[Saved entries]

Segment Open

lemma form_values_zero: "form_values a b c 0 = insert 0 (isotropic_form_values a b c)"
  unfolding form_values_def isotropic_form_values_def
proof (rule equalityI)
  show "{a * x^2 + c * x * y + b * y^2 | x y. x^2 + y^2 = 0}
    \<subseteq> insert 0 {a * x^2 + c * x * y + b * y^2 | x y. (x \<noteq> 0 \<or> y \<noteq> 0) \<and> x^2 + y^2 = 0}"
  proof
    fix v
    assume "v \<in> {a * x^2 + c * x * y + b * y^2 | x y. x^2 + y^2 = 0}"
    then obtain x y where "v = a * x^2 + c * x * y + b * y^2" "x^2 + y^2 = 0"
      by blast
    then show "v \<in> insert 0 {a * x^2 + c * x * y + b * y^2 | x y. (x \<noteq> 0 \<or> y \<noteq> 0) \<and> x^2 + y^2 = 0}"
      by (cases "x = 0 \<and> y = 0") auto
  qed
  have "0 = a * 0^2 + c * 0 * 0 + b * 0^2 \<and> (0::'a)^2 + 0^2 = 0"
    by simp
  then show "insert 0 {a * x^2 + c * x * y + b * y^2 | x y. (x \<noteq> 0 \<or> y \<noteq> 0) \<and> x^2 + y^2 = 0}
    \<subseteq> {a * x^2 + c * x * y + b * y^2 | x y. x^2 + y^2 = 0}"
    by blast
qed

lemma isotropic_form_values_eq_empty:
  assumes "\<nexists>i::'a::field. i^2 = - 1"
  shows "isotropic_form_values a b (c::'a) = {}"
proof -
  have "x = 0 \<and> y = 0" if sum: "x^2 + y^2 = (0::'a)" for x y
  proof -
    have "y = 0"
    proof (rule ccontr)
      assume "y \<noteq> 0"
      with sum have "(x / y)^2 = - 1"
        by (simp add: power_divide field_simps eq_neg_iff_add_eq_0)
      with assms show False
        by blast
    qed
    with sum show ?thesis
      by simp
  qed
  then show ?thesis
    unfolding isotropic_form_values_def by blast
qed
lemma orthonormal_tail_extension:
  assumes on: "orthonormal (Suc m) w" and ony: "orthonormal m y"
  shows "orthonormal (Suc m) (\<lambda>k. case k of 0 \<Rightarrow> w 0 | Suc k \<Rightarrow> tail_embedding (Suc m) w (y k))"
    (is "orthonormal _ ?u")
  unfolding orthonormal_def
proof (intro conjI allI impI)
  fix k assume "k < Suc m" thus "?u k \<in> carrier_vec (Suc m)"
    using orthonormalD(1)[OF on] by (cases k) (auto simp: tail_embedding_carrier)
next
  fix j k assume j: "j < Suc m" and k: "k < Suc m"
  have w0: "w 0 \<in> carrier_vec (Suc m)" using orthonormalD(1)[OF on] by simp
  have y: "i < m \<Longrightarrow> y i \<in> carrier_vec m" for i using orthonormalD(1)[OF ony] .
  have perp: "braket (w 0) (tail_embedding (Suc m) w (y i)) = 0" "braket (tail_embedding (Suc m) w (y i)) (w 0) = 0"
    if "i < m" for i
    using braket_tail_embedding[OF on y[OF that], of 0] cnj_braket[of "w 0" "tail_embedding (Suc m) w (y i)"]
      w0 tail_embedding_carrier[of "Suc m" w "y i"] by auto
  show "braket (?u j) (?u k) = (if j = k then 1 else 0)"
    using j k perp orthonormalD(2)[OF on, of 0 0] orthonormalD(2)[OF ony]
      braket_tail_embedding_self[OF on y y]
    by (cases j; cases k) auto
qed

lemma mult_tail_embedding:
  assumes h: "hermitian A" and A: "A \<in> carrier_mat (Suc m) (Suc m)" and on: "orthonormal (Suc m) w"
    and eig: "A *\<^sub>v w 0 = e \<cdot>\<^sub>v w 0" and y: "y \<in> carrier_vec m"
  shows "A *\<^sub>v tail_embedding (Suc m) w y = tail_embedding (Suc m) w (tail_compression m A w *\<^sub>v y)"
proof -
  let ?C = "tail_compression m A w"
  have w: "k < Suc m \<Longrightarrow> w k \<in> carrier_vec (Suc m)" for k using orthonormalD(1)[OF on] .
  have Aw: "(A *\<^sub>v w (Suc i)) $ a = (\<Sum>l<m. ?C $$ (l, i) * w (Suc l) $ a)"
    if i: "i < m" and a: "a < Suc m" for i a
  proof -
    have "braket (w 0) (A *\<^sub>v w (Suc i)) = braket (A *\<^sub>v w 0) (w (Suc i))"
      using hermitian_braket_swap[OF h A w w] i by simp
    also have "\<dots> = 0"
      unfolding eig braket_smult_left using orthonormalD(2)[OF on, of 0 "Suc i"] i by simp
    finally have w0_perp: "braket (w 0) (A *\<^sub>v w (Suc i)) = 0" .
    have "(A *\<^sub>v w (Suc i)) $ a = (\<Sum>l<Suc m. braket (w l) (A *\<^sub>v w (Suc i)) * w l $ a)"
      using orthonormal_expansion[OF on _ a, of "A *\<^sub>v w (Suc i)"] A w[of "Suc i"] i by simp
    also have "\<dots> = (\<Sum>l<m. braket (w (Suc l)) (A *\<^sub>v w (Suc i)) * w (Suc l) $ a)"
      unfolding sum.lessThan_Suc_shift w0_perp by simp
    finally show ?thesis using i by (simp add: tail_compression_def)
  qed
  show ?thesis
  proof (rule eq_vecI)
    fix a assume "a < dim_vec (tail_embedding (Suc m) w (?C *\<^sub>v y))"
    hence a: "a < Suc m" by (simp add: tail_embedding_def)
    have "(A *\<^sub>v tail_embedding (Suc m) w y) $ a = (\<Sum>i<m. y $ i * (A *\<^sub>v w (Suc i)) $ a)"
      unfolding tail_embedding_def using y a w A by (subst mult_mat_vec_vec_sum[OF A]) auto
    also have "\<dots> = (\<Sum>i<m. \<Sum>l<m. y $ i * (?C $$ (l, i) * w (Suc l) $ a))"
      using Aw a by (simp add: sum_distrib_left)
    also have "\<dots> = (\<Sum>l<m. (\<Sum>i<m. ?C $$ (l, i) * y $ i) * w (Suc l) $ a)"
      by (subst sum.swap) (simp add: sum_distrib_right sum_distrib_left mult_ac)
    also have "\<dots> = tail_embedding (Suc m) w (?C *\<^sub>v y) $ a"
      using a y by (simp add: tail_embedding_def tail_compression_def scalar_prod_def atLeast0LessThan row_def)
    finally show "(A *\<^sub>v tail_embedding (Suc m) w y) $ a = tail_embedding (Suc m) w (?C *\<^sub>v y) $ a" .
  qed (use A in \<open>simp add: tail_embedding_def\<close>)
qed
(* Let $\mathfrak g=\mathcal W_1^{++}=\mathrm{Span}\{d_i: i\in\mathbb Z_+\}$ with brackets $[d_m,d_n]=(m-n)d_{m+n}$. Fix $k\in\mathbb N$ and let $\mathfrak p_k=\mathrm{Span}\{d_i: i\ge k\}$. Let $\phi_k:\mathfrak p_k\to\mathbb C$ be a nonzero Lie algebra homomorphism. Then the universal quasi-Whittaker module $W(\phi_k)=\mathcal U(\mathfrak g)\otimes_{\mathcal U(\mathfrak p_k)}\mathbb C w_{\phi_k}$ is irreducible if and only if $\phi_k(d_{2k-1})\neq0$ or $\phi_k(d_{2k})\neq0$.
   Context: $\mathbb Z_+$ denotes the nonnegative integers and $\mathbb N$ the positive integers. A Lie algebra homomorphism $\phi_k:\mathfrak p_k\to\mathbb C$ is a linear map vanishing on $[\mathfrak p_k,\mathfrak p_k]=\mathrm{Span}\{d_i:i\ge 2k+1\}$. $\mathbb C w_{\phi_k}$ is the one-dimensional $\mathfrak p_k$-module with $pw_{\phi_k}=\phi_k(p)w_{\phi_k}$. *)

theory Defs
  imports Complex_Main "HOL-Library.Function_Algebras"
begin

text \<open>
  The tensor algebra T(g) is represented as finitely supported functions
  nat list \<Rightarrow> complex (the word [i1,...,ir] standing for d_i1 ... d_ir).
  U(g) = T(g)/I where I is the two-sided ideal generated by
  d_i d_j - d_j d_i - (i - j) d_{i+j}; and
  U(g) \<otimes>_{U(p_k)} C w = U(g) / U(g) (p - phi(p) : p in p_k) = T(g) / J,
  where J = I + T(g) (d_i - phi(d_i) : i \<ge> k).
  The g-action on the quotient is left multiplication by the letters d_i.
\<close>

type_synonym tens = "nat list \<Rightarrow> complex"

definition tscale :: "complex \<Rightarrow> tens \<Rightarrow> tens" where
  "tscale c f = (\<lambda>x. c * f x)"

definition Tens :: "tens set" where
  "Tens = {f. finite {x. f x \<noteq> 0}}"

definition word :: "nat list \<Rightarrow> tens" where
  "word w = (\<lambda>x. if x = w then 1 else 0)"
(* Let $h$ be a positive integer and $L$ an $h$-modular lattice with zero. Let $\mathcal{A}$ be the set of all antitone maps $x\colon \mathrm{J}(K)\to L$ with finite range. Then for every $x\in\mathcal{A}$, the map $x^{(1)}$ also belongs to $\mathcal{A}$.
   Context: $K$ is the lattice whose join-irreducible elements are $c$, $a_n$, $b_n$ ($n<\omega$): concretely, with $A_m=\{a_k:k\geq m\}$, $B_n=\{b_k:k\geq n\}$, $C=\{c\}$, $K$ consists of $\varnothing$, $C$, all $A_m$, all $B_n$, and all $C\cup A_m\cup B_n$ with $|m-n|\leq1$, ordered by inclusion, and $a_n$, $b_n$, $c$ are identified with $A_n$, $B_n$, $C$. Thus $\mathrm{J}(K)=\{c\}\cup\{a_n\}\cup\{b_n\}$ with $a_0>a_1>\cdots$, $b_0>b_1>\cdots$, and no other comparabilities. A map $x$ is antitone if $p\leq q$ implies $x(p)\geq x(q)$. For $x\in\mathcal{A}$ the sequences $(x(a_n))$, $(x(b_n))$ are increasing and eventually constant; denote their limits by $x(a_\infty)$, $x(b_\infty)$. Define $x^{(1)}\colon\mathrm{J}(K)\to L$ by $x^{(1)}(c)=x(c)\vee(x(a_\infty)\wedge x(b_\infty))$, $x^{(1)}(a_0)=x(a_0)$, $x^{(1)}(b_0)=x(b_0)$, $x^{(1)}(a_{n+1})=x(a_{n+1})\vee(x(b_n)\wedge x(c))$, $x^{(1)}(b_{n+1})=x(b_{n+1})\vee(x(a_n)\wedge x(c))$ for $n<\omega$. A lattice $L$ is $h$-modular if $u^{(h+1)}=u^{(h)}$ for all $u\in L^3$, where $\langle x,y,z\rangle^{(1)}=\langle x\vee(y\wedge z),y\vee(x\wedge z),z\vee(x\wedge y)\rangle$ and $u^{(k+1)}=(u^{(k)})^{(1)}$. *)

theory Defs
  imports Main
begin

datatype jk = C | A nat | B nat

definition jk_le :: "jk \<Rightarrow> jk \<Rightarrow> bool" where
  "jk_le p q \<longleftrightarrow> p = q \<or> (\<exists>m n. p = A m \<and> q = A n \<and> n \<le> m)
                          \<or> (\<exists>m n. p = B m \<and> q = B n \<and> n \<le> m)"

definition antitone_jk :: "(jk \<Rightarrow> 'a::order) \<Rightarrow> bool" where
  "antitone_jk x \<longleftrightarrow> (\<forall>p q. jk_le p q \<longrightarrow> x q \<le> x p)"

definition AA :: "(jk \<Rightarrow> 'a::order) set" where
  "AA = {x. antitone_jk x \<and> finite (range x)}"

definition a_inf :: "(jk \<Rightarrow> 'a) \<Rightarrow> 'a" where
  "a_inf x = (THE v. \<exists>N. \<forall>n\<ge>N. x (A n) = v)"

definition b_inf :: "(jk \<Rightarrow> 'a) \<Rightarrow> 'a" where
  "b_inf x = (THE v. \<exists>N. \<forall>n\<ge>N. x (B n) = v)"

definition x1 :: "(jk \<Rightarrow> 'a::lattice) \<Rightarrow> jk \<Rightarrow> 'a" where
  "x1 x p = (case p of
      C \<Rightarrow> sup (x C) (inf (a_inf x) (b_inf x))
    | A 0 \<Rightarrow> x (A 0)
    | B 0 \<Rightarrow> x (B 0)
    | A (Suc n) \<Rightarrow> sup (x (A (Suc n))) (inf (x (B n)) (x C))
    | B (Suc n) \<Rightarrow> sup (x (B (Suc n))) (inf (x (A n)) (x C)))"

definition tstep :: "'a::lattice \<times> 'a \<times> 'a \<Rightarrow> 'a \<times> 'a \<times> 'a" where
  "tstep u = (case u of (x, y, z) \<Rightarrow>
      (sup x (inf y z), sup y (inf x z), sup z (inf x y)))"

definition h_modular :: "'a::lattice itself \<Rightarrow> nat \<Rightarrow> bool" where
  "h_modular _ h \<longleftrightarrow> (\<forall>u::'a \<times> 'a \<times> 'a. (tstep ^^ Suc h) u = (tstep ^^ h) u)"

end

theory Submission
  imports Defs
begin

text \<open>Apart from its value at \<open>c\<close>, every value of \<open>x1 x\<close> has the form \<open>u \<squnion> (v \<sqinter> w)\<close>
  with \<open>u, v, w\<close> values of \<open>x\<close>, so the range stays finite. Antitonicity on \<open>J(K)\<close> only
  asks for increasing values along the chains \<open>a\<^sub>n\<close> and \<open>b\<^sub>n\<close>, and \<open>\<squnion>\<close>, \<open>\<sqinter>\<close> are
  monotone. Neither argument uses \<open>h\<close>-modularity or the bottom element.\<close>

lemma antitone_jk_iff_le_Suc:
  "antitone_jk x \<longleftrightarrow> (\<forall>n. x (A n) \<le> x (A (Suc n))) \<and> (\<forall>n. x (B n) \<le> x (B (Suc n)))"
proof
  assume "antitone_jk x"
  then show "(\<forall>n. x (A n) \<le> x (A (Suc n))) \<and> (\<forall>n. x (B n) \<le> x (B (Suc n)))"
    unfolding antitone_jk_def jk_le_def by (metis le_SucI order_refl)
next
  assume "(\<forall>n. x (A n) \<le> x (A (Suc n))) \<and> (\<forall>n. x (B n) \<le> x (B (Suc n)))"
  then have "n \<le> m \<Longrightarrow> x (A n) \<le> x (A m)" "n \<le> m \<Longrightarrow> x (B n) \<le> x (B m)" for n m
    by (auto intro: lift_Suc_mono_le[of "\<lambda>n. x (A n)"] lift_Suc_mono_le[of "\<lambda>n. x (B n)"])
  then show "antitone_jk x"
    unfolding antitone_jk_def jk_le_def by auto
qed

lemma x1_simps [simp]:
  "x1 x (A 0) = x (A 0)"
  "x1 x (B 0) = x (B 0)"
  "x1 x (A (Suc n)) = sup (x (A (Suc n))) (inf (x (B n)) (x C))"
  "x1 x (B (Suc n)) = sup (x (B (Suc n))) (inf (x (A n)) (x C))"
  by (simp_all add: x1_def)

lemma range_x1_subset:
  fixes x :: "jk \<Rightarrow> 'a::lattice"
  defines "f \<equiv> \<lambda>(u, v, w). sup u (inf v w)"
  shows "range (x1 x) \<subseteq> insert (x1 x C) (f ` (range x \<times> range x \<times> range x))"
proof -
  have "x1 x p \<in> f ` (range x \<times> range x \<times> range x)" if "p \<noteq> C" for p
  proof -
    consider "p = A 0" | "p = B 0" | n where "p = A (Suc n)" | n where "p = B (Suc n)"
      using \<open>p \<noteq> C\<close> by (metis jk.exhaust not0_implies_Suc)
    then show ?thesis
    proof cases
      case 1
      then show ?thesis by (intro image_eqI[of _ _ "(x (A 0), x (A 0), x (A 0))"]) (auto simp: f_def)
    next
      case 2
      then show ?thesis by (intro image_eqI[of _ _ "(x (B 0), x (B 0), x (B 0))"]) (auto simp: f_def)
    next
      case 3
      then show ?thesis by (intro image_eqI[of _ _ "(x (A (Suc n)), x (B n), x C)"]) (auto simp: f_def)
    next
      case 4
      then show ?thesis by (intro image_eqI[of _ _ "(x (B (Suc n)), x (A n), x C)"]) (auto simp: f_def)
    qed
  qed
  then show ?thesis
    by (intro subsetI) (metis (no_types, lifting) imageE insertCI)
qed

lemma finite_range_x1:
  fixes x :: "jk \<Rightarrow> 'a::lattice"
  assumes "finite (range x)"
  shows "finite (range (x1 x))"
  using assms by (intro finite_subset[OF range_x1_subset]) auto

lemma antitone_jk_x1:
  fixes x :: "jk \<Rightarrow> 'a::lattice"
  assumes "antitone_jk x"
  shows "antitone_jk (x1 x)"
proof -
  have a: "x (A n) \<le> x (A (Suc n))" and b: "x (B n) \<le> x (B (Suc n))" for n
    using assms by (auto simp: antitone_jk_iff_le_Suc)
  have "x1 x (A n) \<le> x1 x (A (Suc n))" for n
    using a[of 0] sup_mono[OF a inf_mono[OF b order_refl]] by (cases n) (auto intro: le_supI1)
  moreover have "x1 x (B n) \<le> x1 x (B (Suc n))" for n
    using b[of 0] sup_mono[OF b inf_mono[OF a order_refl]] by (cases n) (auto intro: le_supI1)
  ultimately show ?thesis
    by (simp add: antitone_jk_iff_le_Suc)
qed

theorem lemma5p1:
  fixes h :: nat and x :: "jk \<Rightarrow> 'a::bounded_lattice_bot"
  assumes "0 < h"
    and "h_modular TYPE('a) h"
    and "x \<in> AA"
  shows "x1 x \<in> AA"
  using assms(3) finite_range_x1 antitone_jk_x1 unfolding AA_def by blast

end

Segment Closed

- **PROBLEM**
Please copy, exactly and with nothing else, the lines above beginning at the line that has "proof (rule ccontr)" and ending with the line that has "fix k assume".

- **EXPECTED ANSWER**
    proof (rule ccontr)
      assume "y \<noteq> 0"
      with sum have "(x / y)^2 = - 1"
        by (simp add: power_divide field_simps eq_neg_iff_add_eq_0)
      with assms show False
        by blast
    qed
    with sum show ?thesis
      by simp
  qed
  then show ?thesis
    unfolding isotropic_form_values_def by blast
qed
lemma orthonormal_tail_extension:
  assumes on: "orthonormal (Suc m) w" and ony: "orthonormal m y"
  shows "orthonormal (Suc m) (\<lambda>k. case k of 0 \<Rightarrow> w 0 | Suc k \<Rightarrow> tail_embedding (Suc m) w (y k))"
    (is "orthonormal _ ?u")
  unfolding orthonormal_def
proof (intro conjI allI impI)
  fix k assume "k < Suc m" thus "?u k \<in> carrier_vec (Suc m)"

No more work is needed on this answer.